Brett: Interesting. All right. Well, I have bolt. new loaded in my browser right now. I'm going to try it out after this episode. We appreciate you taking the time here, Shawn. You have quite a few, especially for anyone that wants to go even more advanced and all this stuff. I mean, you have so much over at Latent Space.
Brett: So why don't you tell the listeners, I think you'll find your work, what you're doing and that the conference you did. And maybe you're doing it. Yeah, 
swyx: so, so the conference is not really for this audience. Conference is more for engineers learning the latest and greatest in engineering stuff. It will have zero business sort of angle to it.
swyx: But maybe you like that, I don't know. Latent space is more, more where I let the sort of Venn diagrams of business and, And Tech happen. And I basically do what a research firm would do if I were reporting on these as public [01:02:00] companies. So, you know, I kind of perform the analyst role, which is kind of fun for me.
swyx: Like, cause I used to do that for my hedge fund. And yeah, that's, that's where you can check out all the, all the, all the resources. The interviews and the essays that we have on, on tracking the market. And then I think the last piece that we have right now is small AI news. So small AI slash news is the newsletter that is on that gives you a daily pulse.

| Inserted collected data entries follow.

(* Let $s_n$ ($n\ge1$) be the number of nonempty-length canonical secondary structures on $[1,n]$, and let $S(z)=\sum_{n\ge1}s_nz^n$. Then in a neighborhood of $z=0$, $$S(z)=\frac{1-z-z^2+z^3-z^5-\sqrt{F(z)}}{2z^4},\qquad F(z)=4z^5(-1+z^2-z^4)+(-1+z+z^2-z^3+z^5)^2,$$ where the branch of the square root satisfies $\sqrt{F(0)}=1$. Equivalently, $S(z)$ together with the generating function $R(z)$ of the class $L_2=\{T : \text{the structure obtained by enclosing } T \text{ in one additional outer base pair is canonical}\}$ (counted by length of $T$) satisfies $$S=z+zS+z^2R+z^2SR,\qquad R=z^3+z^2R+z^4SR+z^3S.$$
   Context: A secondary structure on $[1,n]$ (with minimum hairpin size $\theta=1$) is a set $S$ of pairs $(i,j)$ of integers with $1\le i<j\le n$ such that: (i) there are no $(i,j),(k,\ell)\in S$ with $i<k<j<\ell$; (ii) every position of $[1,n]$ belongs to at most one pair of $S$; (iii) $j-i>1$ for every $(i,j)\in S$. Any position may pair with any other. A secondary structure is identified with its dot-bracket word over $\{\bullet,(,)\}$ (position $i$ is $\bullet$ if unpaired, $($ if paired with a larger position, $)$ if paired with a smaller position). A secondary structure $S$ is canonical if there is no $(i,j)\in S$ with both $(i-1,j+1)\notin S$ and $(i+1,j-1)\notin S$. "Enclosing $T$ in an outer base pair" means forming the word $(\,T\,)$ of length $|T|+2$. *)

theory Defs
  imports Complex_Main "HOL-Computational_Algebra.Formal_Power_Series"
begin

definition secondary :: "nat \<Rightarrow> (nat \<times> nat) set \<Rightarrow> bool" where
  "secondary n S \<longleftrightarrow>
     (\<forall>(i,j)\<in>S. 1 \<le> i \<and> i < j \<and> j \<le> n) \<and>
     (\<forall>(i,j)\<in>S. \<forall>(k,l)\<in>S. \<not> (i < k \<and> k < j \<and> j < l)) \<and>
     (\<forall>(i,j)\<in>S. \<forall>(k,l)\<in>S. {i,j} \<inter> {k,l} \<noteq> {} \<longrightarrow> (i,j) = (k,l)) \<and>
     (\<forall>(i,j)\<in>S. j - i > 1)"

definition canonical :: "(nat \<times> nat) set \<Rightarrow> bool" where
  "canonical S \<longleftrightarrow> (\<forall>(i,j)\<in>S. (i - 1, j + 1) \<in> S \<or> (i + 1, j - 1) \<in> S)"

definition enclose :: "nat \<Rightarrow> (nat \<times> nat) set \<Rightarrow> (nat \<times> nat) set" where
  "enclose n T = insert (1, n + 2) ((\<lambda>(i,j). (i + 1, j + 1)) ` T)"

definition num_canonical :: "nat \<Rightarrow> nat" where
  "num_canonical n = card {S. secondary n S \<and> canonical S}"

definition num_L2 :: "nat \<Rightarrow> nat" where
  "num_L2 n = card {T. secondary n T \<and> secondary (n + 2) (enclose n T) \<and> canonical (enclose n T)}"

definition S_fps :: "int fps" where
  "S_fps = Abs_fps (\<lambda>n. if n = 0 then 0 else int (num_canonical n))"

definition R_fps :: "int fps" where
  "R_fps = Abs_fps (\<lambda>n. int (num_L2 n))"

definition F_poly :: "complex \<Rightarrow> complex" where
  "F_poly z = 4 * z^5 * (-1 + z^2 - z^4) + (-1 + z + z^2 - z^3 + z^5)^2"

end

theory Submission
  imports Defs "HOL-Analysis.FPS_Convergence"
begin

(* Decompose a structure on [a,b] according to the partner of the first position a: either a is
   unpaired, or it pairs with some c and the structure splits into an inner part on [a+1,c-1] and
   an outer part on [c+1,b]. Canonicity of the whole forces the inner part to contain (a+1,c-1),
   i.e. to lie in L_2, unless (a,c) is itself stacked from outside. Counts only depend on the length
   of the interval; writing C_n (with C_0 = 1) for canonical structures, r_n for L_2 and w_n for
   structures that are canonical except possibly at the outermost pair, this gives
     C_n = C_(n-1) + sum_(k=3..n) r_(k-2) C_(n-k),   r_n = w_(n-2),   w_n + r_(n-2) = C_n + r_n,
   which are the two functional equations. Eliminating R gives the quadratic
     z^4 S^2 - (1 - z - z^2 + z^3 - z^5) S + z - z^3 + z^5 = 0.
   A structure is determined by its sets of opening and closing positions, so s_n <= 4^n and S
   converges near 0; for |z| < 1/8 the square root 1 - z - z^2 + z^3 - z^5 - 2 z^4 S(z) of F(z) has
   positive real part, so it is the principal one. *)

section \<open>Secondary structures on an interval\<close>

definition secondary_on :: "nat \<Rightarrow> nat \<Rightarrow> (nat \<times> nat) set \<Rightarrow> bool" where
  "secondary_on a b S \<longleftrightarrow>
     (\<forall>i j. (i, j) \<in> S \<longrightarrow> a \<le> i \<and> i + 1 < j \<and> j \<le> b) \<and>
     (\<forall>i j k l. (i, j) \<in> S \<longrightarrow> (k, l) \<in> S \<longrightarrow> \<not> (i < k \<and> k < j \<and> j < l)) \<and>
     (\<forall>i j k l. (i, j) \<in> S \<longrightarrow> (k, l) \<in> S \<longrightarrow> (i = k \<or> i = l \<or> j = k \<or> j = l) \<longrightarrow> i = k \<and> j = l)"
(* If a proper subspace W is invariant under all A_i, B_i, the determinant of the restriction
   to W is multiplicative on matrices preserving W and hence equals 1 on every commutator and on
   their product. Conjugating so that the product is diag(exp(2 pi i t_j)) and computing the
   restricted determinant through a projection onto W along coordinate axes outside a set S of
   coordinates, it becomes the product of exp(2 pi i t_j) over j in S; so the sum of the t_j over
   S is an integer.
   Conversely, the sums over S and over its complement are integers (the latter because the
   determinant is 1). A cyclic permutation p of S and of its complement and phases d_j with
   d_j / d_(p j) = exp(2 pi i t_j) make the commutator of diag(d) and the permutation matrix of p
   equal to diag(exp(2 pi i t_j)); both preserve the coordinate subspace of S, so one handle
   carrying them, all others trivial, is a reducible representation. *)

section \<open>Unitary conjugation\<close>

lemma adjoint_mat_mult: "adjoint_mat (X ** Y) = adjoint_mat Y ** adjoint_mat (X :: complex^'n^'n)"
  by (simp add: adjoint_mat_def matrix_matrix_mult_def vec_eq_iff mult.commute)

lemma adjoint_mat_adjoint_mat [simp]: "adjoint_mat (adjoint_mat X) = X"
  by (simp add: adjoint_mat_def vec_eq_iff)

lemma adjoint_mat_one [simp]: "adjoint_mat (mat 1 :: complex^'n^'n) = mat 1"
  by (simp add: adjoint_mat_def mat_def vec_eq_iff)

lemma unitary_mat_one: "unitary_mat (mat 1 :: complex^'n^'n)"
  by (simp add: unitary_mat_def)

lemma unitary_mat_adjoint_mat: "unitary_mat U \<Longrightarrow> unitary_mat (adjoint_mat U)"
  by (simp add: unitary_mat_def)

lemma unitary_mat_cancel:
  assumes "unitary_mat U"
  shows "adjoint_mat U ** (U ** X) = X" "U ** (adjoint_mat U ** X) = X"
    and "adjoint_mat U *v (U *v x) = x" "U *v (adjoint_mat U *v x) = x"
  using assms by (simp_all add: unitary_mat_def matrix_mul_assoc matrix_vector_mul_assoc)

lemma unitary_mat_mult: "unitary_mat U \<Longrightarrow> unitary_mat V \<Longrightarrow> unitary_mat (U ** V)"
  unfolding unitary_mat_def adjoint_mat_mult by (metis matrix_mul_assoc matrix_mul_lid)

lemma unitary_mat_inj: "unitary_mat U \<Longrightarrow> inj ((*v) U)"
  by (metis injI unitary_mat_cancel(3))

lemma det_unitary_conj:
  assumes "unitary_mat U"
  shows "det (U ** X ** adjoint_mat U) = det X"
proof -
  have "det U * det (adjoint_mat U) = 1"
    using assms by (metis det_I det_mul unitary_mat_def)
  moreover have "det (U ** X ** adjoint_mat U) = det X * (det U * det (adjoint_mat U))"
    by (simp add: det_mul mult_ac)
  ultimately show ?thesis by simp
qed

lemma unitarily_conjugate_common:
  assumes "unitarily_conjugate Z X" "unitarily_conjugate Z Y"
  shows "\<exists>R. unitary_mat R \<and> Y = R ** X ** adjoint_mat R"
proof -
  obtain P Q where P: "unitary_mat P" "Z = P ** X ** adjoint_mat P"
    and Q: "unitary_mat Q" "Z = Q ** Y ** adjoint_mat Q"
    using assms unfolding unitarily_conjugate_def by blast
  have "Y = adjoint_mat Q ** Z ** Q"
  proof -
    have "adjoint_mat Q ** Z ** Q = adjoint_mat Q ** (Q ** (Y ** (adjoint_mat Q ** Q)))"
      using Q(2) by (simp add: matrix_mul_assoc)
    then show ?thesis
      using Q(1) by (simp add: unitary_mat_cancel unitary_mat_def)
  qed
  also have "\<dots> = (adjoint_mat Q ** P) ** X ** adjoint_mat (adjoint_mat Q ** P)"
    using P(2) by (simp add: adjoint_mat_mult matrix_mul_assoc)
  finally show ?thesis
    using P(1) Q(1) by (blast intro: unitary_mat_mult unitary_mat_adjoint_mat)
qed

lemma complex_subspace_iff_subspace: "complex_subspace V \<longleftrightarrow> vec.subspace V"
  by (simp add: complex_subspace_def vec.subspace_def)

lemma commutator_mat_unitary_conj:
  assumes "unitary_mat R"
  shows "commutator_mat (R ** A ** adjoint_mat R) (R ** B ** adjoint_mat R)
    = R ** commutator_mat A B ** adjoint_mat R"
  using assms
  by (simp add: commutator_mat_def adjoint_mat_mult matrix_mul_assoc [symmetric] unitary_mat_cancel)

lemma prod_commutators_unitary_conj:
  assumes "unitary_mat R"
  shows "prod_commutators k (\<lambda>i. R ** A i ** adjoint_mat R) (\<lambda>i. R ** B i ** adjoint_mat R)
    = R ** prod_commutators k A B ** adjoint_mat R"
proof (induction k)
  case 0
  then show ?case using assms by (simp add: unitary_mat_def)
next
  case (Suc k)
  have "prod_commutators (Suc k) (\<lambda>i. R ** A i ** adjoint_mat R) (\<lambda>i. R ** B i ** adjoint_mat R)
      = (R ** prod_commutators k A B ** adjoint_mat R) ** (R ** commutator_mat (A k) (B k) ** adjoint_mat R)"
    by (simp add: Suc.IH commutator_mat_unitary_conj [OF assms])
  also have "\<dots> = R ** prod_commutators (Suc k) A B ** adjoint_mat R"
    by (simp add: matrix_mul_assoc [symmetric] unitary_mat_cancel [OF assms])
  finally show ?case .
qed

lemma is_rep_unitary_conj:
  "unitary_mat R \<Longrightarrow> is_rep g A B
    \<Longrightarrow> is_rep g (\<lambda>i. R ** A i ** adjoint_mat R) (\<lambda>i. R ** B i ** adjoint_mat R)"
  by (simp add: is_rep_def unitary_mat_mult unitary_mat_adjoint_mat)

lemma reducible_rep_unitary_conj:
  assumes R: "unitary_mat R" and "reducible_rep g A B"
  shows "reducible_rep g (\<lambda>i. R ** A i ** adjoint_mat R) (\<lambda>i. R ** B i ** adjoint_mat R)"
proof -
  obtain V where V: "complex_subspace V" "V \<noteq> {0}" "V \<noteq> UNIV"
    and inv: "\<forall>i<g. \<forall>x\<in>V. A i *v x \<in> V \<and> B i *v x \<in> V"
    using assms(2) unfolding reducible_rep_def by blast
  define V' where "V' = (*v) R ` V"
  have inj: "inj ((*v) R)" using unitary_mat_inj[OF R] .
  have "complex_subspace V'"
    using V(1) by (simp add: V'_def complex_subspace_iff_subspace vec.subspace_image)
  moreover have "V' \<noteq> {0}"
  proof -
    obtain v where "v \<in> V" "v \<noteq> 0"
      using V(1,2) unfolding complex_subspace_def by blast
    moreover from \<open>v \<noteq> 0\<close> have "R *v v \<noteq> 0"
      using inj by (metis injD matrix_vector_mult_0_right)
    ultimately show ?thesis
      unfolding V'_def by blast
  qed
  moreover have "V' \<noteq> UNIV"
  proof -
    obtain x where "x \<notin> V" using V(3) by blast
    then have "R *v x \<notin> V'"
      unfolding V'_def using inj by (simp add: inj_image_mem_iff)
    then show ?thesis by blast
  qed
  moreover have "\<forall>i<g. \<forall>y\<in>V'. (R ** A i ** adjoint_mat R) *v y \<in> V'
      \<and> (R ** B i ** adjoint_mat R) *v y \<in> V'"
    using inv by (auto simp: V'_def matrix_vector_mul_assoc [symmetric] unitary_mat_cancel [OF R])
  ultimately show ?thesis
    unfolding reducible_rep_def by blast
qed

section \<open>Diagonal and permutation matrices\<close>

definition diag_mat :: "('n \<Rightarrow> 'a::zero) \<Rightarrow> 'a^'n^'n" where
  "diag_mat d = (\<chi> i j. if i = j then d i else 0)"

definition perm_mat :: "('n \<Rightarrow> 'n) \<Rightarrow> 'a::{zero,one}^'n^'n" where
  "perm_mat p = (\<chi> i j. if j = p i then 1 else 0)"

lemma diag_mat_mult_vec: "diag_mat d *v x = (\<chi> i. d i * x$i)"
  by (simp add: diag_mat_def matrix_vector_mult_def vec_eq_iff if_distrib [of "\<lambda>a. a * _"]
      sum.delta cong: if_cong)

lemma perm_mat_mult_vec: "perm_mat p *v x = (\<chi> i. x$(p i))"
  by (simp add: perm_mat_def matrix_vector_mult_def vec_eq_iff if_distrib [of "\<lambda>a. a * _"]
      sum.delta' cong: if_cong)

lemma adjoint_diag_mat: "adjoint_mat (diag_mat d) = diag_mat (\<lambda>i. cnj (d i))"
  by (simp add: adjoint_mat_def diag_mat_def vec_eq_iff)

lemma adjoint_perm_mat: "bij p \<Longrightarrow> adjoint_mat (perm_mat p) = perm_mat (inv p)"
  by (auto simp: adjoint_mat_def perm_mat_def vec_eq_iff bij_inv_eq_iff)

lemma unitary_diag_mat:
  assumes "\<And>i. norm (d i) = 1"
  shows "unitary_mat (diag_mat d)"
proof -
  have "d i * cnj (d i) = 1" for i
    using assms complex_norm_square [of "d i"] by simp
  then have cancel: "d i * (cnj (d i) * y) = y" "cnj (d i) * (d i * y) = y" for i y
    by (simp_all add: mult.assoc [symmetric] mult.commute [of "cnj _"])
  show ?thesis
    by (simp add: unitary_mat_def matrix_eq adjoint_diag_mat diag_mat_mult_vec cancel
        flip: matrix_vector_mul_assoc)
qed

lemma unitary_perm_mat: "bij p \<Longrightarrow> unitary_mat (perm_mat p)"
  by (simp add: unitary_mat_def matrix_eq adjoint_perm_mat perm_mat_mult_vec bij_is_inj bij_is_surj
      surj_f_inv_f flip: matrix_vector_mul_assoc)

swyx: So these are, this is a completely odd AI generated newsletter or like a 99% AI generated newsletter. There's a bit of human curation that surveys all Twitter, all already all of discord to keep you super up to date. So this is the one that like the Andrej Karpathy's of the world Subhash Chintala's of the world, read to keep up with AI if you want to get that level of granularity.
swyx: So basically I have the six month granularity, that's the conference, then I have the weekly granularity, which is the which is latent space, and then I have the daily granularity, which is AI news. So, plug in wherever you want. 
Brett: Beautiful. All right. Well, that's going to do it for this episode. Thank you again for joining.
Brett: Let's hit the disclosure. We are not financial advisors. [01:03:00] Anything we say on the show is not formal advice or recommendation. Ryan, I, or any podcast guests may hold securities discussed in this podcast, may have held them in the past and may buy, sell, or hold them in the future. Thank you everyone for tuning into this wonderful interview.